Die Entscheidung des Bundesverwaltungsgerichts zur dritten Piste des Flughafen Wien ist zwar schwerwiegend, aber längst nicht das einzige Beispiel für aus dem Ruder laufenden Verfahren, waren sich Diskutanten und Teilnehmer eines GSV-Forums unter dem Titel „unzumutbare Verfahrensdauern – Auswege aus dem Stillstand“ einig, das am Donnerstag in der Wirtschaftskammer Österreich (WKÖ) stattfand.

Wo und wie legistisch anzusetzen ist, um die Rahmenbedingungen in Österreich für Unternehmen zu verbessern und die Erhaltung und den Ausbau von Schlüssel-Infrastruktur sicherzustellen, diskutierte ein hochkarätiges Podium mit Unternehmensvertretern und anderen Interessierten.

„Fakt ist: Das UVP-Regime ist in Österreich aus der Balance geraten. Und alles auf die EU zu schieben, greift hier viel zu kurz“, hielt Stephan Schwarzer, Leiter der umweltpolitischen Abteilung in der WKÖ, in seiner Keynote fest. Denn rund 90 Prozent der Probleme bei Verfahren seien „in Österreich hausgemacht“ und lägen nicht an den EU-Richtlinien. 

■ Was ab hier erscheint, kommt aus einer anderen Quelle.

lemma mu_curve_diff_le:
  fixes \<omega> :: "'a::euclidean_space \<times> 'a \<Rightarrow> real"
  assumes "C01 \<omega>" and "norm1inf \<omega> \<le> B"
    and "C1_immersion per c" and "C1_immersion per e"
    and "0 < m" and "\<And>t. t \<in> {0..1} \<Longrightarrow> m \<le> norm (cder per c t)"
    and "\<And>t. t \<in> {0..1} \<Longrightarrow> norm (cder per c t) \<le> W"
    and "dist1inf per e c \<le> \<delta>" and "4 * \<delta> \<le> m"
  shows "\<bar>mu_curve per e \<omega> - mu_curve per c \<omega>\<bar> \<le> 2 * B * (\<delta> + 2 * \<delta> / m) * (W + \<delta>) + B * \<delta>"
proof -
  let ?g = "\<lambda>t. \<omega> (e t, cder per e t /\<^sub>R norm (cder per e t)) * norm (cder per e t)"
  let ?h = "\<lambda>t. \<omega> (c t, cder per c t /\<^sub>R norm (cder per c t)) * norm (cder per c t)"
  have cont: "continuous_on {0..1} ?g" "continuous_on {0..1} ?h"
    using continuous_on_mu_curve_integrand[OF assms(1)] assms(3,4) by blast+
  have "mu_curve per e \<omega> - mu_curve per c \<omega> = integral {0..1} (\<lambda>t. ?g t - ?h t)"
    unfolding mu_curve_def
    by (rule integral_diff[symmetric]) (use cont integrable_continuous_real in blast)+
  moreover have "norm (integral {0..1} (\<lambda>t. ?g t - ?h t))
      \<le> (2 * B * (\<delta> + 2 * \<delta> / m) * (W + \<delta>) + B * \<delta>) * (1 - 0)"
  proof (rule integral_bound)
    show "continuous_on {0..1} (\<lambda>t. ?g t - ?h t)"
      using cont by (rule continuous_on_diff)
    show "norm (?g t - ?h t) \<le> 2 * B * (\<delta> + 2 * \<delta> / m) * (W + \<delta>) + B * \<delta>"
      if "t \<in> {0..1}" for t
      unfolding real_norm_def
    proof (rule C01_integrand_diff_le[OF assms(1,2,5)])
      show "norm (e t - c t) \<le> \<delta>" and "norm (cder per e t - cder per c t) \<le> \<delta>"
        using dist1inf_ge[OF assms(4,3) that] assms(8) by linarith+
    qed (use assms(6,7,9) that in auto)
  qed simp
  ultimately show ?thesis
    by simp
qed

lemma mu_curve_zero [simp]: "mu_curve per c (\<lambda>_. 0) = 0"
  unfolding mu_curve_def by simp

lemma Vnorm_le:
  fixes kx :: "'b \<Rightarrow> 'h::real_inner"
  assumes "\<And>f. norm f \<le> 1 \<Longrightarrow> \<mu> (rk_eval kx f) \<le> b"
  shows "Vnorm kx \<mu> \<le> b"
proof -
  have "{f::'h. norm f \<le> 1} \<noteq> {}"
    by (metis empty_iff mem_Collect_eq norm_zero zero_le_one)
  then show ?thesis
    unfolding Vnorm_def by (rule cSUP_least) (use assms in simp)
qed

lemma Vnorm_nonneg:
  assumes "\<mu> (\<lambda>_. 0) = 0" and "\<And>f. norm f \<le> 1 \<Longrightarrow> \<mu> (rk_eval kx f) \<le> b"
  shows "0 \<le> Vnorm kx \<mu>"
proof -
  have "bdd_above ((\<lambda>f. \<mu> (rk_eval kx f)) ` {f. norm f \<le> 1})"
    using assms(2) by (intro bdd_aboveI2) auto
  then have "\<mu> (rk_eval kx 0) \<le> Vnorm kx \<mu>"
    unfolding Vnorm_def by (intro cSUP_upper) auto
  moreover have "rk_eval kx 0 = (\<lambda>_. 0)"
    unfolding rk_eval_def by simp
  ultimately show ?thesis
    using assms(1) by simp
qed

lemma cont_embedded_C01_unit_ball:
  assumes "cont_embedded_C01 kx"
  obtains B where "\<And>f. C01 (rk_eval kx f)" and "\<And>f. norm f \<le> 1 \<Longrightarrow> norm1inf (rk_eval kx f) \<le> B"
proof -
  obtain C where C01: "\<And>f. C01 (rk_eval kx f)" and C: "\<And>f. norm1inf (rk_eval kx f) \<le> C * norm f"
    using assms unfolding cont_embedded_C01_def by blast
  have "norm1inf (rk_eval kx f) \<le> max C 0" if "norm f \<le> 1" for f
  proof -
    have "norm1inf (rk_eval kx f) \<le> max C 0 * norm f"
      using C[of f] mult_right_mono[of C "max C 0" "norm f"] by simp
    also have "\<dots> \<le> max C 0"
      using that by (intro mult_left_le) auto
    finally show ?thesis .
  qed
  with C01 show ?thesis
    by (rule that)
qed

lemma Vnorm_mu_curve_diff_le:
  assumes C01: "\<And>f. C01 (rk_eval kx f)"
    and B: "\<And>f. norm f \<le> 1 \<Longrightarrow> norm1inf (rk_eval kx f) \<le> B"
    and "C1_immersion per c" and "C1_immersion per e"
    and "0 < m" and "\<And>t. t \<in> {0..1} \<Longrightarrow> m \<le> norm (cder per c t)"
    and "\<And>t. t \<in> {0..1} \<Longrightarrow> norm (cder per c t) \<le> W"
    and "dist1inf per e c \<le> \<delta>" and "4 * \<delta> \<le> m"
  shows "0 \<le> Vnorm kx (\<lambda>\<omega>. mu_curve per e \<omega> - mu_curve per c \<omega>)"
    and "Vnorm kx (\<lambda>\<omega>. mu_curve per e \<omega> - mu_curve per c \<omega>)
      \<le> 2 * B * (\<delta> + 2 * \<delta> / m) * (W + \<delta>) + B * \<delta>"
proof -
  have "mu_curve per e (rk_eval kx f) - mu_curve per c (rk_eval kx f)
      \<le> 2 * B * (\<delta> + 2 * \<delta> / m) * (W + \<delta>) + B * \<delta>" if "norm f \<le> 1" for f
    using mu_curve_diff_le[OF C01 B[OF that] assms(3-9)] by (simp add: abs_le_iff)
  note bound = Vnorm_nonneg[where \<mu> = "\<lambda>\<omega>. mu_curve per e \<omega> - mu_curve per c \<omega>", OF _ this]
    Vnorm_le[where \<mu> = "\<lambda>\<omega>. mu_curve per e \<omega> - mu_curve per c \<omega>", OF this]
  then show "0 \<le> Vnorm kx (\<lambda>\<omega>. mu_curve per e \<omega> - mu_curve per c \<omega>)"
    and "Vnorm kx (\<lambda>\<omega>. mu_curve per e \<omega> - mu_curve per c \<omega>)
      \<le> 2 * B * (\<delta> + 2 * \<delta> / m) * (W + \<delta>) + B * \<delta>"
    by simp_all
qed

Verfahrensdauern explodieren

Den Verfahren fehlt die Fokussierung, aber auch die Struktur. „Wenn Einwände jederzeit, immer wieder und ‚zizerlweise‘ nach und nach eingebracht werden können, ist die Behörde verpflichtet, dem nachzukommen, aber das Verfahren gelähmt“. Schmerzliche, manchmal jahrelange, Verzögerungen sind die Folge. Von der Vorgabe des Gesetzgebers, dass ein UVP-Verfahren in insgesamt 18 Monaten (bei Industrieanlagen: 12 Monate) abgeschlossen sein sollte, ist man in der Realität weit entfernt, wie die Statistiken der vergangenen Jahre klar zeigen. Allein 2015 lag die durchschnittliche Verfahrensdauer (bezogen auf Genehmigungsverfahren inkl. Rechtsmittelverfahren) bei rund 24 Monaten. „Jüngste Entwicklungen lassen befürchten, dass die Verfahrensdauern in Österreich explodieren, und ein Ende dieses Trends ist nicht abzusehen“. Bei großen aktuellen Infrastrukturprojekten wurden Verfahrensdauer zwischen 38 und 120 Monaten gemessen, einige von ihnen sind aber noch lange nicht fertig, sodass sich die Werte noch weiter verschlechtern werden.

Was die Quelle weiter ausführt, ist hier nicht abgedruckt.